- EXERCISE REQUIREMENTS:
Exactly the lines from the opening of the data through the line containing "section \<open>The union bound\<close>" should be reproduced, please, with nothing added.
= Beginning of Section =
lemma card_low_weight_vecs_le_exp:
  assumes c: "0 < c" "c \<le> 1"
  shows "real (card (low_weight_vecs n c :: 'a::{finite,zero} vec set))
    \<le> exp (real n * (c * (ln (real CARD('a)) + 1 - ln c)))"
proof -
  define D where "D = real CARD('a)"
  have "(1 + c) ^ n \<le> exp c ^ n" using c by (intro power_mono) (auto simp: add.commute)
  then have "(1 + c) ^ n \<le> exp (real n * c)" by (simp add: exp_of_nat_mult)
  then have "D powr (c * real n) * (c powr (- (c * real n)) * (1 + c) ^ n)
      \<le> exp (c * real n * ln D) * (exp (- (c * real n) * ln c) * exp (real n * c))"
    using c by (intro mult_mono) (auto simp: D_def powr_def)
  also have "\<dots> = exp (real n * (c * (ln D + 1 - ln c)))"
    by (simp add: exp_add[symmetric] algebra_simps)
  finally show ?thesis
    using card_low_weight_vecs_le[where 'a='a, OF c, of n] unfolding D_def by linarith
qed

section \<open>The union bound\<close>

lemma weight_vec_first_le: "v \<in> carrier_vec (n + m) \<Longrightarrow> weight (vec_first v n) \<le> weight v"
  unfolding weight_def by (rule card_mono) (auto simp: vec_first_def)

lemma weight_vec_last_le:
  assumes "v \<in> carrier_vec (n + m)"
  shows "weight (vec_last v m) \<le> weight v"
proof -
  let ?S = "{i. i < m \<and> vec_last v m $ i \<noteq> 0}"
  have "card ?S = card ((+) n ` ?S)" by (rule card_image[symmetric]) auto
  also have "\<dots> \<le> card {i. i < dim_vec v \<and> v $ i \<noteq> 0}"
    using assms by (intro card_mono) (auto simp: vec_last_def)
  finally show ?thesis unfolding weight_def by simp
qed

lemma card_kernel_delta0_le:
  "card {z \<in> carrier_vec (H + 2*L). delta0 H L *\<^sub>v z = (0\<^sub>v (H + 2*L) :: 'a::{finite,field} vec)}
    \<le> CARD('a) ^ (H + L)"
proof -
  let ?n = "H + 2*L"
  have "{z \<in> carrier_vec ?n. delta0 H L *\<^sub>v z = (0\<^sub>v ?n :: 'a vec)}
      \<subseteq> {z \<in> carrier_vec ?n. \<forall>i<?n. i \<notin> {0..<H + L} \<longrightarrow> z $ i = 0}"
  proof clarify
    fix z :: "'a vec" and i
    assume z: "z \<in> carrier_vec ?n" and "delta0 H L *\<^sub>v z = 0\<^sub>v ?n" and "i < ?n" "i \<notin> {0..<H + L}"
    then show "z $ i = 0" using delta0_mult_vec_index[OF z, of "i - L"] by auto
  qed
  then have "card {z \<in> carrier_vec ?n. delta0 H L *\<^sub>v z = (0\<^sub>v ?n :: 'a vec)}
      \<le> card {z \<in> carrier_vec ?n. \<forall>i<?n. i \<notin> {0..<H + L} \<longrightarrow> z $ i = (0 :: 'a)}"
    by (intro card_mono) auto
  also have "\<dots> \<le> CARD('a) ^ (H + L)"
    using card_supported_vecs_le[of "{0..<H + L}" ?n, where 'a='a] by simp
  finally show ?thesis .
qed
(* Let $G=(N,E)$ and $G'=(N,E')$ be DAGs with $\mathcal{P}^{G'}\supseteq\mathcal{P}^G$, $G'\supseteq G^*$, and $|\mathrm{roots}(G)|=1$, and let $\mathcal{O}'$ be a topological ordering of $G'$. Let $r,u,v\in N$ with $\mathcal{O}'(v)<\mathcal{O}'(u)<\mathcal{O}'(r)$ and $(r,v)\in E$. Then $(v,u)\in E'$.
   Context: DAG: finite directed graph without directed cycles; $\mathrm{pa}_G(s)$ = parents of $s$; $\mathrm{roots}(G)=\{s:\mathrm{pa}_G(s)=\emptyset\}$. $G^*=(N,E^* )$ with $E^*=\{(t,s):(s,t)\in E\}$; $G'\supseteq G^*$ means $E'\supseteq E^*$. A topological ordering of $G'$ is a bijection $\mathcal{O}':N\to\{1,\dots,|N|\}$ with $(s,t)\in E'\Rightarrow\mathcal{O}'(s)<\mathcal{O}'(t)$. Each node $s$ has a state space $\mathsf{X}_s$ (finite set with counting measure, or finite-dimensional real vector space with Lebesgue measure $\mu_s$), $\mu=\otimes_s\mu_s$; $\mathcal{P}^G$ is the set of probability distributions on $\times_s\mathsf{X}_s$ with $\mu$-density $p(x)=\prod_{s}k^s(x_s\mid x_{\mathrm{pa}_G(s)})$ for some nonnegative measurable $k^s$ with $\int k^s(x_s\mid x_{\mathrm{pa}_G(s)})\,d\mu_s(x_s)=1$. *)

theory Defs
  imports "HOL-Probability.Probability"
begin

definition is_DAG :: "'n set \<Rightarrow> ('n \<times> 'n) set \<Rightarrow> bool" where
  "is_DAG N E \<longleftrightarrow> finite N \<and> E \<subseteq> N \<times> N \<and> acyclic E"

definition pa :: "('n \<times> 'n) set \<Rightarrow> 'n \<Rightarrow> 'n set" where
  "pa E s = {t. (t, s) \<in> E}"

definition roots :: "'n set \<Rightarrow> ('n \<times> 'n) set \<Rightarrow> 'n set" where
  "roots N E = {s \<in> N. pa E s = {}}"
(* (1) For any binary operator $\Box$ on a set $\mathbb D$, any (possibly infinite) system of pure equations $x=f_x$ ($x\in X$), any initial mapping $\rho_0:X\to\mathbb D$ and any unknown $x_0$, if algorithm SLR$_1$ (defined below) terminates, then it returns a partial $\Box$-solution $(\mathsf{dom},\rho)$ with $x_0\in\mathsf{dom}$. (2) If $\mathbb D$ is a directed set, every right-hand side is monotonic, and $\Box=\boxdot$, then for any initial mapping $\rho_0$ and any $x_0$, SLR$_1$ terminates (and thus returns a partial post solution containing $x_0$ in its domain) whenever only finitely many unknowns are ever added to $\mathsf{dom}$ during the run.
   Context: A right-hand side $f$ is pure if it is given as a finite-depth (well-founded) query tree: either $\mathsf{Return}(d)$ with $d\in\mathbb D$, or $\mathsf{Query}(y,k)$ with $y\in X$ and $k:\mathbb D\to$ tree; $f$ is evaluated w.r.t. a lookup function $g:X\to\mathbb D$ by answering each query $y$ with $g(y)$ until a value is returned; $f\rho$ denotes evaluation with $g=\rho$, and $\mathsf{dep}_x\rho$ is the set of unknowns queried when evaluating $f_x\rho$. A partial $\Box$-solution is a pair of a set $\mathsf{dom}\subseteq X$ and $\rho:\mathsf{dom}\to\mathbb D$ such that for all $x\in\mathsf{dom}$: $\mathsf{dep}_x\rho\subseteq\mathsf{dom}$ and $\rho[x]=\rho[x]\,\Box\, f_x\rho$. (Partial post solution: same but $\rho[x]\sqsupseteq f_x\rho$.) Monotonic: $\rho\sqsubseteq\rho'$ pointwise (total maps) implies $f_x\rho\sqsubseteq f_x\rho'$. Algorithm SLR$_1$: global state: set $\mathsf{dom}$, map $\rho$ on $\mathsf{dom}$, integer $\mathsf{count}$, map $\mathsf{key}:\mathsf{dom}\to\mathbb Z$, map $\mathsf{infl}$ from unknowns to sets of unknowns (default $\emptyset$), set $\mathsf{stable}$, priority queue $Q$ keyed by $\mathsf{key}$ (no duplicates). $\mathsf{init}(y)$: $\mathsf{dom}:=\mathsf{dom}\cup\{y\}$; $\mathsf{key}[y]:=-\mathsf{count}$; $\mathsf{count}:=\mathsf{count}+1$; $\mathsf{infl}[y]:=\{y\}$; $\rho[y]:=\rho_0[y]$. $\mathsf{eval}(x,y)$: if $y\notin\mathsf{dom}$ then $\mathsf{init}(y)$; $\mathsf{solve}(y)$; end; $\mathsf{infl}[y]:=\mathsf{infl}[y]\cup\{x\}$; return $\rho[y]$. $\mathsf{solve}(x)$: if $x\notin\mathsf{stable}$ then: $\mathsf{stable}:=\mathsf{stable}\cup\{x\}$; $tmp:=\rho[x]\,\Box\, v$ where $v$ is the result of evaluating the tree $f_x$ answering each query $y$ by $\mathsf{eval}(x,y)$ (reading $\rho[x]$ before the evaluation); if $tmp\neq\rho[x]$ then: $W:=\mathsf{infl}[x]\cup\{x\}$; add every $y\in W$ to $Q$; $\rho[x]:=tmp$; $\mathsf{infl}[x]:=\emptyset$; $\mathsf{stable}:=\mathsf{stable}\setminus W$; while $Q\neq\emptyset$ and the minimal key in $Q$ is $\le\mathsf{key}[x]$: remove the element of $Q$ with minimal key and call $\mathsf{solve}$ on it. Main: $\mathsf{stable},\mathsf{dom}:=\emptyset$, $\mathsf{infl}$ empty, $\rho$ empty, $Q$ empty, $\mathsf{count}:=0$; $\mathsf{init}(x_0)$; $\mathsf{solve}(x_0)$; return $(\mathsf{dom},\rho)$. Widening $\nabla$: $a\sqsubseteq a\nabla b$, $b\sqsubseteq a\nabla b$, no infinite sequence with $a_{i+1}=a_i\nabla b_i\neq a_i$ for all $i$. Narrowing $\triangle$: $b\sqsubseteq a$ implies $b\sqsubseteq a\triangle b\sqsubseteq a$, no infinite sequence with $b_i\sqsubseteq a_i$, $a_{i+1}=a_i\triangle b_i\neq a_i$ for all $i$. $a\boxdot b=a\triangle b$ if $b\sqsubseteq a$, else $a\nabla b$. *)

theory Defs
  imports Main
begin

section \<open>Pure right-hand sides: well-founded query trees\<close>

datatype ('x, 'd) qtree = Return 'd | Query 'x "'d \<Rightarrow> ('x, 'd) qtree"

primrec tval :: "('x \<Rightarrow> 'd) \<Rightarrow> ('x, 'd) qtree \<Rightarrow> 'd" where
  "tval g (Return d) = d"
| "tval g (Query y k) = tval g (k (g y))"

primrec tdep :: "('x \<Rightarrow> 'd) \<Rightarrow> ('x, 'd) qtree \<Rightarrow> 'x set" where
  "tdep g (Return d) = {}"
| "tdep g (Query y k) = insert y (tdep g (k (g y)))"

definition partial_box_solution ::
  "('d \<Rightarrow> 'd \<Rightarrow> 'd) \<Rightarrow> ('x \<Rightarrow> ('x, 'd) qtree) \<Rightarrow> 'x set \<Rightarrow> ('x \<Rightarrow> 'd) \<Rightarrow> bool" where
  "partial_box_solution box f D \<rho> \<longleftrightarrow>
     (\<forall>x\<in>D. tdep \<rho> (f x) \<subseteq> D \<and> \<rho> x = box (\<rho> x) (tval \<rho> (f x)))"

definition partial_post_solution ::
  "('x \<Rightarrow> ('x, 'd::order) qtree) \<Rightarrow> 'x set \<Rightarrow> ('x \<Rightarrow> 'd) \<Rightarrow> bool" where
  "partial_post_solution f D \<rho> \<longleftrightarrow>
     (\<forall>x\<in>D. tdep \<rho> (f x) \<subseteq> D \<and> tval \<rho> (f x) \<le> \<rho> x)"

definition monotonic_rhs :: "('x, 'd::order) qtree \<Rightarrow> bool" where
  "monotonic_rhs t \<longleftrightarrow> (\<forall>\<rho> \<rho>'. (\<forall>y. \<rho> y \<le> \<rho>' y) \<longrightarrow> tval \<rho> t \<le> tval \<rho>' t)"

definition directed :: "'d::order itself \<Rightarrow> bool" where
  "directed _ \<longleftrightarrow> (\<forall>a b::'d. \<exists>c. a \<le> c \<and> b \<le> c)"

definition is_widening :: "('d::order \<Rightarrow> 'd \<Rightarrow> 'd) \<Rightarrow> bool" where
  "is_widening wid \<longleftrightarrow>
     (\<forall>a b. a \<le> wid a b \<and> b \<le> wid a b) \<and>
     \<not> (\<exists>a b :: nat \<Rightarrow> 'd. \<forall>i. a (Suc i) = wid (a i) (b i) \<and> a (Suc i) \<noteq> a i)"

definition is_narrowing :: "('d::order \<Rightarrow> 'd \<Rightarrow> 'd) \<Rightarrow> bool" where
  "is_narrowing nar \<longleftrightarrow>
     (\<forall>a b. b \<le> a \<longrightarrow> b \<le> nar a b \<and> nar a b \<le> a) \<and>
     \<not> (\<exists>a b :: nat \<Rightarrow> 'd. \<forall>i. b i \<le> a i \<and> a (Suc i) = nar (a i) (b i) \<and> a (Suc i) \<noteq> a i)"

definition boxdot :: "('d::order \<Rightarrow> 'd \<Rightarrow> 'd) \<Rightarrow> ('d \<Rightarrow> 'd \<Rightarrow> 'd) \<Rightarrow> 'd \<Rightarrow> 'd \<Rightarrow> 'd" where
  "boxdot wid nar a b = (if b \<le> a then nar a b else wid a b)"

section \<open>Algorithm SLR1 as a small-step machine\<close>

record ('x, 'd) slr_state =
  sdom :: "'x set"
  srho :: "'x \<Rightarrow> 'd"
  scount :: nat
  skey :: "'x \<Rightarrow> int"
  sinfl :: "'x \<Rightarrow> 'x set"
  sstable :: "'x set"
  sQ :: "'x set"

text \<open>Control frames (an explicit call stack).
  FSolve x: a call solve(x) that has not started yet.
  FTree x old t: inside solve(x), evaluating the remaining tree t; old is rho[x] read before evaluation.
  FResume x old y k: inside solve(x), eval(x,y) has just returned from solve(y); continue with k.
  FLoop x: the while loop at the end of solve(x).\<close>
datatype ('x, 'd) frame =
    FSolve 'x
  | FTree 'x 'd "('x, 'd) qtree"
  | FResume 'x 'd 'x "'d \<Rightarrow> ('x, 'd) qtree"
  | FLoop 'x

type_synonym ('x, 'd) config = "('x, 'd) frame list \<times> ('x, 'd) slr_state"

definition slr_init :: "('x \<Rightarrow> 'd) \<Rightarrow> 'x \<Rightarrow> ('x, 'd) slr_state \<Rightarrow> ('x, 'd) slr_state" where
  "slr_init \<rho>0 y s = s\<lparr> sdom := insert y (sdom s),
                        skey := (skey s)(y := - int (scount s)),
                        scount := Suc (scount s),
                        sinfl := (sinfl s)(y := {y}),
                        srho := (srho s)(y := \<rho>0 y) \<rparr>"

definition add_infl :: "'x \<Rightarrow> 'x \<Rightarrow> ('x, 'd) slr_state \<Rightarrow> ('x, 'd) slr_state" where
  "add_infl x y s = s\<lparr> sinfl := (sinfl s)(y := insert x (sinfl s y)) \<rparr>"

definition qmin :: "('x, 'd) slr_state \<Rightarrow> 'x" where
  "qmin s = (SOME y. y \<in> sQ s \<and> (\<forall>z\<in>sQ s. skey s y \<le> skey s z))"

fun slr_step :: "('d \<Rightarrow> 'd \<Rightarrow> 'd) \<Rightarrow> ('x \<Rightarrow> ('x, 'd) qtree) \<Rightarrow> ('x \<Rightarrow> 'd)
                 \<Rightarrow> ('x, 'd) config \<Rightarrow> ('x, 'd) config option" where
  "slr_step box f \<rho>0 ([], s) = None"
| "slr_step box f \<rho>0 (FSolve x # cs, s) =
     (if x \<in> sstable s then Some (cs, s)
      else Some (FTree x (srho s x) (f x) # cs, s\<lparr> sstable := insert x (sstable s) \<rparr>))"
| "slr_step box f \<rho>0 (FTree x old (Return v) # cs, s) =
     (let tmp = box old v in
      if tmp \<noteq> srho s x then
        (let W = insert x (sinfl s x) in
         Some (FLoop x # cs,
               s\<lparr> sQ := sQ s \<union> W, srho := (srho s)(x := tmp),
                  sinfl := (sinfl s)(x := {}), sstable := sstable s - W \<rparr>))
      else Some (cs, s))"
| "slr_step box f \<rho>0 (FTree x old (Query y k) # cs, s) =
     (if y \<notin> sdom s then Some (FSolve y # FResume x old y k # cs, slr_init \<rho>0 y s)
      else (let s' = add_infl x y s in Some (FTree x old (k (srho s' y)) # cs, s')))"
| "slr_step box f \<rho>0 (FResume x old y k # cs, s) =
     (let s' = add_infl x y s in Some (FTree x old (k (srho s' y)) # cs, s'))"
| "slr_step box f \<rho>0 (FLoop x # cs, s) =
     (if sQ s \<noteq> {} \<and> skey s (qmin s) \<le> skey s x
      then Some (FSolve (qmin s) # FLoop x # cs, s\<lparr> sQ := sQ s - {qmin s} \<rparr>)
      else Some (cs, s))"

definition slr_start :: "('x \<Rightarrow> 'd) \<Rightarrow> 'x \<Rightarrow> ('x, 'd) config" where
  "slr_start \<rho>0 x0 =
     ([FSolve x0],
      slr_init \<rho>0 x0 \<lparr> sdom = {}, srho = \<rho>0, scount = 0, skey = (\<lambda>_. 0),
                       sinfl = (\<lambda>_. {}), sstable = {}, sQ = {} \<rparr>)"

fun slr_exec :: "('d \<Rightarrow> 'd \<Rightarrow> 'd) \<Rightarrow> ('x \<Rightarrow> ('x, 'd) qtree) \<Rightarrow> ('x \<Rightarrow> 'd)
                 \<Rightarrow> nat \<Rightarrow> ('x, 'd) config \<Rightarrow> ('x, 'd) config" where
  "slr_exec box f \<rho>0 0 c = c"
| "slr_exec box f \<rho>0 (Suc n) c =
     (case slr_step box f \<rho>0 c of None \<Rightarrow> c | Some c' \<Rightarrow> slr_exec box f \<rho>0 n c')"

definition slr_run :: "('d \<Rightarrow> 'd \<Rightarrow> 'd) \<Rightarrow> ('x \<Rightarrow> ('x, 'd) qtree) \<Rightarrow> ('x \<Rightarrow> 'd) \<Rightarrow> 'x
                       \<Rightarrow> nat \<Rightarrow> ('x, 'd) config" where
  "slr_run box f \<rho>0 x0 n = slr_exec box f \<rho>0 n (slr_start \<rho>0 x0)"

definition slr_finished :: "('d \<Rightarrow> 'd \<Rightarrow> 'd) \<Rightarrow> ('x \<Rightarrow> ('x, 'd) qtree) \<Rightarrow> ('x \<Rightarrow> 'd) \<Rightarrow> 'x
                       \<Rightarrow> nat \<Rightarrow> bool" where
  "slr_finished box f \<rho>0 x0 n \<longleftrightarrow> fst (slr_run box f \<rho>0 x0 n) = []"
= End of Section =
- TASK OUTPUT:
lemma card_low_weight_vecs_le_exp:
  assumes c: "0 < c" "c \<le> 1"
  shows "real (card (low_weight_vecs n c :: 'a::{finite,zero} vec set))
    \<le> exp (real n * (c * (ln (real CARD('a)) + 1 - ln c)))"
proof -
  define D where "D = real CARD('a)"
  have "(1 + c) ^ n \<le> exp c ^ n" using c by (intro power_mono) (auto simp: add.commute)
  then have "(1 + c) ^ n \<le> exp (real n * c)" by (simp add: exp_of_nat_mult)
  then have "D powr (c * real n) * (c powr (- (c * real n)) * (1 + c) ^ n)
      \<le> exp (c * real n * ln D) * (exp (- (c * real n) * ln c) * exp (real n * c))"
    using c by (intro mult_mono) (auto simp: D_def powr_def)
  also have "\<dots> = exp (real n * (c * (ln D + 1 - ln c)))"
    by (simp add: exp_add[symmetric] algebra_simps)
  finally show ?thesis
    using card_low_weight_vecs_le[where 'a='a, OF c, of n] unfolding D_def by linarith
qed

section \<open>The union bound\<close>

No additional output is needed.